The problem appears widespread and not limited to a single industry. Local businesses that rely on Google reviews for visibility, trust signals, and local search rankings are the most immediately affected. Agencies and local SEOs managing multiple profiles are also reporting blocked review flows and concerns about reputation management.
Customer reviews influence consumer decisions and feed into Google’s local ranking algorithms. A sudden reduction in visible reviews or inability to collect new feedback can harm a business in three ways: reduced social proof for customers, lower local search signals that can affect visibility, and potential distraction as teams investigate and respond to missing reviews instead of focusing on growth.
Google’s own help documentation explains that “There are several reasons why reviews might be missing from your profile. Usually, reviews are removed for policy violations like spam or inappropriate content.” While policy enforcement is necessary, false positives — legitimate reviews removed by algorithmic filters — create real operational and reputational costs for businesses.
While Google works to resolve the issue, businesses can take concrete steps to protect their reputation and prepare for restoration of legitimate reviews. Follow these six actions:
Take screenshots showing prior review counts (if available), current counts, timestamps, and any visible reviewer names. Export or save copies of correspondence with reviewers when possible. These records will be useful when filing reports with Google or proving that reviews were legitimate.
Use Google’s official support channels (https://support.google.com/business) to report missing reviews. Provide clear evidence: profile name, Google Place ID, URLs, timestamps, and screenshots. The more detail you provide, the easier it is for support to investigate and (where appropriate) restore reviews.
Ask customers to save confirmation emails or screenshots of reviews they leave. If a review disappears, a customer’s copy speeds verification and reclamation.
Relying solely on Google reviews increases risk. Promote alternative, reputable review sites (Yelp, Facebook, industry-specific platforms) and collect testimonials directly on your website where you control the content. This preserves social proof even if one platform experiences issues.

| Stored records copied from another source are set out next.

lemma bilin_mAD: "bilin mAD"
  unfolding bilin_def mAD_def
  using P_simps(1)[of "(_, 0)" "(_, 0)" "(0, _)"] P_simps(2)[of "(_, 0)" "(0, _)" "(0, _)"]
    P_simps(3)[where u = "(_, 0)" and v = "(0, _)"] P_simps(4)[where u = "(_, 0)" and v = "(0, _)"]
  by (simp add: tsc_def)

lemma bilin_mDA: "bilin mDA"
  unfolding bilin_def mDA_def
  using P_simps(1)[of "(0, _)" "(0, _)" "(_, 0)"] P_simps(2)[of "(0, _)" "(_, 0)" "(_, 0)"]
    P_simps(3)[where u = "(0, _)" and v = "(_, 0)"] P_simps(4)[where u = "(0, _)" and v = "(_, 0)"]
  by (simp add: tsc_def)

lemma mD_zero: "mD a b = 0"
proof (rule pairing_eqI_left)
  fix z
  show "pairing (mD a b) z = pairing 0 z"
    using omega_cyclic[of "(0, a)" "(0, b)" "(z, 0)"] by (simp add: P_D P_A_D P_D_A)
qed

lemma P_Pair: "P (x, a) (y, b) = (mA x y, mAD x b + mDA a y)"
proof -
  have "P (x, a) (y, b) = P ((x, 0) + (0, a)) ((y, 0) + (0, b))" by simp
  also have "\<dots> = P (x, 0) (y, 0) + P (x, 0) (0, b) + (P (0, a) (y, 0) + P (0, a) (0, b))"
    by (simp only: P_simps add_ac)
  finally show ?thesis by (simp add: P_A P_D P_A_D P_D_A mD_zero)
qed

lemma mAD_mA: "mAD (mA x y) c = - mAD x (mAD y c)"
  using antiassoc_P[of "(x, 0)" "(y, 0)" "(0, c)"] by (simp add: P_Pair bilin_simps bilin_mAD bilin_mDA)

lemma mDA_mAD: "mDA (mAD z c) x = - mAD z (mDA c x)"
  using antiassoc_P[of "(z, 0)" "(0, c)" "(x, 0)"] by (simp add: P_Pair bilin_simps bilin_mAD bilin_mDA)

lemma mDA_mA: "mDA (mDA c x) y = - mDA c (mA x y)"
  using antiassoc_P[of "(0, c)" "(x, 0)" "(y, 0)"] by (simp add: P_Pair bilin_simps bilin_mAD bilin_mDA)

lemma succT_A:
  obtains z where "succT P (x, 0) (y, 0) = (z, 0)" "\<And>c. pairing z c = pairing y (mDA c x)"
proof -
  obtain z where z: "\<forall>c. pairing c z = pairing y (mDA c x)"
    using linear_functional_pairing[of "\<lambda>c. pairing y (mDA c x)"]
    by (auto simp: bilin_simps[OF bilin_mDA] pairing_simps)
  have "succT P (x, 0) (y, 0) = (z, 0)"
    unfolding succT_def using z
    by (intro THE_omega_eqI) (auto simp: P_Pair pairing_commute bilin_simps[OF bilin_mAD])
  with z show thesis by (metis pairing_commute that)
qed

lemma precT_A:
  obtains z where "precT P (x, 0) (y, 0) = (z, 0)" "\<And>c. pairing z c = pairing x (mAD y c)"
proof -
  obtain z where z: "\<forall>c. pairing c z = pairing x (mAD y c)"
    using linear_functional_pairing[of "\<lambda>c. pairing x (mAD y c)"]
    by (auto simp: bilin_simps[OF bilin_mAD] pairing_simps)
  have "precT P (x, 0) (y, 0) = (z, 0)"
    unfolding precT_def using z
    by (intro THE_omega_eqI) (auto simp: P_Pair pairing_commute bilin_simps[OF bilin_mDA])
  with z show thesis by (metis pairing_commute that)
qed

lemma snd_succT_A: "snd (succT P (x, 0) (y, 0)) = 0"
  and pairing_succA: "pairing (succA P x y) c = pairing y (mDA c x)"
  by (metis succT_A fst_conv snd_conv succA_def)+

lemma snd_precT_A: "snd (precT P (x, 0) (y, 0)) = 0"
  and pairing_precA: "pairing (precA P x y) c = pairing x (mAD y c)"
  by (metis precT_A fst_conv snd_conv precA_def)+

lemma mA_eq_sum: "mA x y = precA P x y + succA P x y"
proof (rule pairing_eqI_left)
  fix c
  have "pairing (mDA c x) y - pairing (mA x y) c + pairing (mAD y c) x = 0"
    using omega_cyclic[of "(0, c)" "(x, 0)" "(y, 0)"]
    by (simp add: P_Pair bilin_simps bilin_mAD bilin_mDA)
  then show "pairing (mA x y) c = pairing (precA P x y + succA P x y) c"
    using pairing_commute[of "mDA c x" y] pairing_commute[of "mAD y c" x]
    by (simp add: pairing_add_left pairing_precA pairing_succA algebra_simps)
qed

lemma antidendriform_restriction: "antidendriform (succA P) (precA P)"
  unfolding antidendriform_def bilin_def
  by (intro conjI allI; rule pairing_eqI_left)
    (simp_all add: pairing_succA pairing_precA pairing_simps bilin_simps bilin_mAD bilin_mDA
      mAD_mA mDA_mAD mDA_mA mA_eq_sum[symmetric])

lemma Rstar_precA: "Rstar (precA P) x b = mAD x b"
  by (rule Rstar_eqI) (simp add: pairing_precA)

lemma Lstar_succA: "Lstar (succA P) y a = mDA a y"
  by (rule Lstar_eqI) (simp add: pairing_succA)

lemma P_eq_semidirect: "P = semidirect (succA P) (precA P)"
proof (intro ext)
  fix u v :: "('k^'n) \<times> ('k^'n)"
  obtain x a y b where "u = (x, a)" "v = (y, b)" by (metis prod.exhaust)
  then show "P u v = semidirect (succA P) (precA P) u v"
    by (simp add: P_Pair semidirect_Pair Rstar_precA Lstar_succA mA_eq_sum)
qed

end

theorem mainTheorem15:
  fixes succ prec :: "'k::field_char_0^'n::finite \<Rightarrow> 'k^'n \<Rightarrow> 'k^'n"
    and P :: "('k^'n) \<times> ('k^'n) \<Rightarrow> ('k^'n) \<times> ('k^'n) \<Rightarrow> ('k^'n) \<times> ('k^'n)"
    and mA mD :: "'k^'n \<Rightarrow> 'k^'n \<Rightarrow> 'k^'n"
  shows "(antidendriform succ prec \<longrightarrow>
           double_construction (semidirect succ prec) (\<lambda>x y. prec x y + succ x y) (\<lambda>a b. 0))
       \<and> ((double_construction P mA mD \<and>
            (\<forall>u a. fst (P u (0, a)) = 0 \<and> fst (P (0, a) u) = 0)) \<longrightarrow>
           (\<forall>a b. mD a b = 0) \<and>
           antidendriform (succA P) (precA P) \<and>
           (\<forall>x y. snd (succT P (x, 0) (y, 0)) = 0 \<and> snd (precT P (x, 0) (y, 0)) = 0) \<and>
           dc_isomorphic P (semidirect (succA P) (precA P)))"
proof (intro conjI impI)
  show "double_construction (semidirect succ prec) (\<lambda>x y. prec x y + succ x y) (\<lambda>a b. 0)"
    if "antidendriform succ prec"
    using that by (rule double_construction_semidirect)
next
  assume "double_construction P mA mD \<and> (\<forall>u a. fst (P u (0, a)) = 0 \<and> fst (P (0, a) u) = 0)"
  then interpret dual_ideal_double_construction P mA mD
    by unfold_locales blast+
  show "\<forall>a b. mD a b = 0" by (simp add: mD_zero)
  show "antidendriform (succA P) (precA P)" by (rule antidendriform_restriction)
  show "\<forall>x y. snd (succT P (x, 0) (y, 0)) = 0 \<and> snd (precT P (x, 0) (y, 0)) = 0"
    by (simp add: snd_succT_A snd_precT_A)
  show "dc_isomorphic P (semidirect (succA P) (precA P))"
    by (subst (1) P_eq_semidirect) (rule dc_isomorphic_refl)
qed

end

Sudden spikes in reviews or coordinated bursts from similar accounts can trigger spam filters. If you run campaigns to request reviews, space requests out and avoid incentives or templated messages that could look automated.
Monitor forums (Google Business Profile community), Search Engine Roundtable, and Search Engine Land for developments. Community reports can surface patterns and workarounds faster than official channels alone.
Agencies managing multiple listings should centralize tracking of review changes and escalate high-impact cases to Google support on behalf of clients. Communicate proactively with clients: explain the situation, show documentation, and set expectations about timelines and potential impact on local visibility. Use this as an opportunity to audit review acquisition workflows and remove practices that might trigger spam detection.
Google has acknowledged the problem and said it will restore any reviews removed in error. For now, businesses should document evidence, report issues through official channels, diversify review sources, and maintain clear communication with customers and stakeholders. The situation is a reminder that while third-party platforms are valuable, businesses must protect their own access to customer feedback and reputation data.